SUPPLIED DATA: Begin
(* Let $n\ge2$, $0<R<\sqrt{\tfrac38(3n-5)(2n-3)^3}$, let $u_0$ satisfy (C1)–(C6), and let $\lambda>0$ with $\lambda R<x_1$. Then there is $C>0$ such that $v(r,t):=Ce^{-\lambda^2t}r^{n-\frac32}J_\nu(\lambda r)$ satisfies $u_0\ge u^*-v(\cdot,0)$ in $B_R$.
   Context: $B_R=\{x\in\mathbb R^n:|x|<R\}$; radial functions written in $r=|x|$, subscript $r$ = radial derivative. $\alpha:=\sqrt[3]{9n-15}$, $u^*(r):=-\alpha r^{1/3}$, $\nu:=\tfrac16\sqrt{36n^2-96n+61}$, $J_\nu$ the Bessel function of the first kind of order $\nu$; $x_0>0$, $x_1\in(0,x_0)$ the first positive roots of $J_\nu$ and $J_\nu'$. Conditions on $u_0$: (C1) $u_0\in C^2(\overline{B_R}\setminus\{0\})$; (C2) $u_0$ radially symmetric; (C3) $u^*\ge u_0$; (C4) $\limsup_{r\searrow0}|r^{\frac32-n-\nu}(u^*(r)-u_0(r))|<\infty$; (C5) $u_0(R)=u^*(R)$; (C6) there is $C>0$ with $0\ge u_{0r}(r)\ge -Cr^{-2/3}$ for all $r\in(0,R)$. *)

theory Defs
  imports "HOL-Analysis.Analysis" "HOL-Library.Liminf_Limsup"
begin

(* Bessel function of the first kind of order nu (series definition, used for x > 0) *)
definition besselJ :: "real \<Rightarrow> real \<Rightarrow> real" where
  "besselJ \<nu> x = (\<Sum>m. (-1) ^ m / (fact m * Gamma (real m + \<nu> + 1)) * (x / 2) powr (2 * real m + \<nu>))"

definition nu :: "nat \<Rightarrow> real" where
  "nu n = sqrt (36 * (real n)^2 - 96 * real n + 61) / 6"

definition alpha :: "nat \<Rightarrow> real" where
  "alpha n = root 3 (9 * real n - 15)"

definition ustar :: "nat \<Rightarrow> real \<Rightarrow> real" where
  "ustar n r = - alpha n * r powr (1/3)"

definition x1 :: "real \<Rightarrow> real" where
  "x1 \<nu> = Inf {x. 0 < x \<and> deriv (besselJ \<nu>) x = 0}"

definition vfun :: "nat \<Rightarrow> real \<Rightarrow> real \<Rightarrow> real \<Rightarrow> real \<Rightarrow> real" where
  "vfun n C lam r t = C * exp (- ((lam ^ 2) * t)) * r powr (real n - 3/2) * besselJ (nu n) (lam * r)"

(* radial profile f is C^2 on (0,R] (one-sided derivatives at R), i.e. u0 in C^2(closed ball minus 0) *)
definition C2_on_0R :: "(real \<Rightarrow> real) \<Rightarrow> real \<Rightarrow> bool" where
  "C2_on_0R f R \<longleftrightarrow> (\<exists>f1 f2. (\<forall>r\<in>{0<..R}. (f has_real_derivative f1 r) (at r within {0<..R})
      \<and> (f1 has_real_derivative f2 r) (at r within {0<..R})) \<and> continuous_on {0<..R} f2)"

end

theory Submission
  imports Defs
begin

text \<open>
  Put \<open>w = u\<^sup>* - u\<^sub>0\<close> and \<open>\<phi>(r) = r\<^bsup>n-3/2\<^esup> J\<^sub>\<nu>(\<lambda>r)\<close>.
  Since \<open>J\<^sub>\<nu>\<close> starts like \<open>(x/2)\<^sup>\<nu>/\<Gamma>(\<nu>+1)\<close> and cannot turn back to zero
  before its first critical point \<open>x\<^sub>1\<close>, \<open>\<phi>\<close> is positive on \<open>(0,R]\<close> and
  comparable to \<open>r\<^bsup>n-3/2+\<nu>\<^esup>\<close> near \<open>0\<close>. Condition (C4) says exactly that
  \<open>w = O(r\<^bsup>n-3/2+\<nu>\<^esup>)\<close> there, so \<open>w \<le> C \<phi>\<close> near \<open>0\<close>; on the rest of
  \<open>(0,R]\<close> the continuous ratio \<open>w/\<phi>\<close> is bounded by compactness.
\<close>

definition bessel_coeff :: "real \<Rightarrow> nat \<Rightarrow> real" where
  "bessel_coeff v m = (-1) ^ m / (fact m * Gamma (real m + v + 1))"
SUPPLIED DATA: End
_WHAT TO DO_
Copy out all the entries shown above, character for character.

_SOLUTION BELOW_
(* Let $n\ge2$, $0<R<\sqrt{\tfrac38(3n-5)(2n-3)^3}$, let $u_0$ satisfy (C1)–(C6), and let $\lambda>0$ with $\lambda R<x_1$. Then there is $C>0$ such that $v(r,t):=Ce^{-\lambda^2t}r^{n-\frac32}J_\nu(\lambda r)$ satisfies $u_0\ge u^*-v(\cdot,0)$ in $B_R$.
   Context: $B_R=\{x\in\mathbb R^n:|x|<R\}$; radial functions written in $r=|x|$, subscript $r$ = radial derivative. $\alpha:=\sqrt[3]{9n-15}$, $u^*(r):=-\alpha r^{1/3}$, $\nu:=\tfrac16\sqrt{36n^2-96n+61}$, $J_\nu$ the Bessel function of the first kind of order $\nu$; $x_0>0$, $x_1\in(0,x_0)$ the first positive roots of $J_\nu$ and $J_\nu'$. Conditions on $u_0$: (C1) $u_0\in C^2(\overline{B_R}\setminus\{0\})$; (C2) $u_0$ radially symmetric; (C3) $u^*\ge u_0$; (C4) $\limsup_{r\searrow0}|r^{\frac32-n-\nu}(u^*(r)-u_0(r))|<\infty$; (C5) $u_0(R)=u^*(R)$; (C6) there is $C>0$ with $0\ge u_{0r}(r)\ge -Cr^{-2/3}$ for all $r\in(0,R)$. *)

theory Defs
  imports "HOL-Analysis.Analysis" "HOL-Library.Liminf_Limsup"
begin

(* Bessel function of the first kind of order nu (series definition, used for x > 0) *)
definition besselJ :: "real \<Rightarrow> real \<Rightarrow> real" where
  "besselJ \<nu> x = (\<Sum>m. (-1) ^ m / (fact m * Gamma (real m + \<nu> + 1)) * (x / 2) powr (2 * real m + \<nu>))"

definition nu :: "nat \<Rightarrow> real" where
  "nu n = sqrt (36 * (real n)^2 - 96 * real n + 61) / 6"

definition alpha :: "nat \<Rightarrow> real" where
  "alpha n = root 3 (9 * real n - 15)"

definition ustar :: "nat \<Rightarrow> real \<Rightarrow> real" where
  "ustar n r = - alpha n * r powr (1/3)"

definition x1 :: "real \<Rightarrow> real" where
  "x1 \<nu> = Inf {x. 0 < x \<and> deriv (besselJ \<nu>) x = 0}"

definition vfun :: "nat \<Rightarrow> real \<Rightarrow> real \<Rightarrow> real \<Rightarrow> real \<Rightarrow> real" where
  "vfun n C lam r t = C * exp (- ((lam ^ 2) * t)) * r powr (real n - 3/2) * besselJ (nu n) (lam * r)"

(* radial profile f is C^2 on (0,R] (one-sided derivatives at R), i.e. u0 in C^2(closed ball minus 0) *)
definition C2_on_0R :: "(real \<Rightarrow> real) \<Rightarrow> real \<Rightarrow> bool" where
  "C2_on_0R f R \<longleftrightarrow> (\<exists>f1 f2. (\<forall>r\<in>{0<..R}. (f has_real_derivative f1 r) (at r within {0<..R})
      \<and> (f1 has_real_derivative f2 r) (at r within {0<..R})) \<and> continuous_on {0<..R} f2)"

end

theory Submission
  imports Defs
begin

text \<open>
  Put \<open>w = u\<^sup>* - u\<^sub>0\<close> and \<open>\<phi>(r) = r\<^bsup>n-3/2\<^esup> J\<^sub>\<nu>(\<lambda>r)\<close>.
  Since \<open>J\<^sub>\<nu>\<close> starts like \<open>(x/2)\<^sup>\<nu>/\<Gamma>(\<nu>+1)\<close> and cannot turn back to zero
  before its first critical point \<open>x\<^sub>1\<close>, \<open>\<phi>\<close> is positive on \<open>(0,R]\<close> and
  comparable to \<open>r\<^bsup>n-3/2+\<nu>\<^esup>\<close> near \<open>0\<close>. Condition (C4) says exactly that
  \<open>w = O(r\<^bsup>n-3/2+\<nu>\<^esup>)\<close> there, so \<open>w \<le> C \<phi>\<close> near \<open>0\<close>; on the rest of
  \<open>(0,R]\<close> the continuous ratio \<open>w/\<phi>\<close> is bounded by compactness.
\<close>

definition bessel_coeff :: "real \<Rightarrow> nat \<Rightarrow> real" where
  "bessel_coeff v m = (-1) ^ m / (fact m * Gamma (real m + v + 1))"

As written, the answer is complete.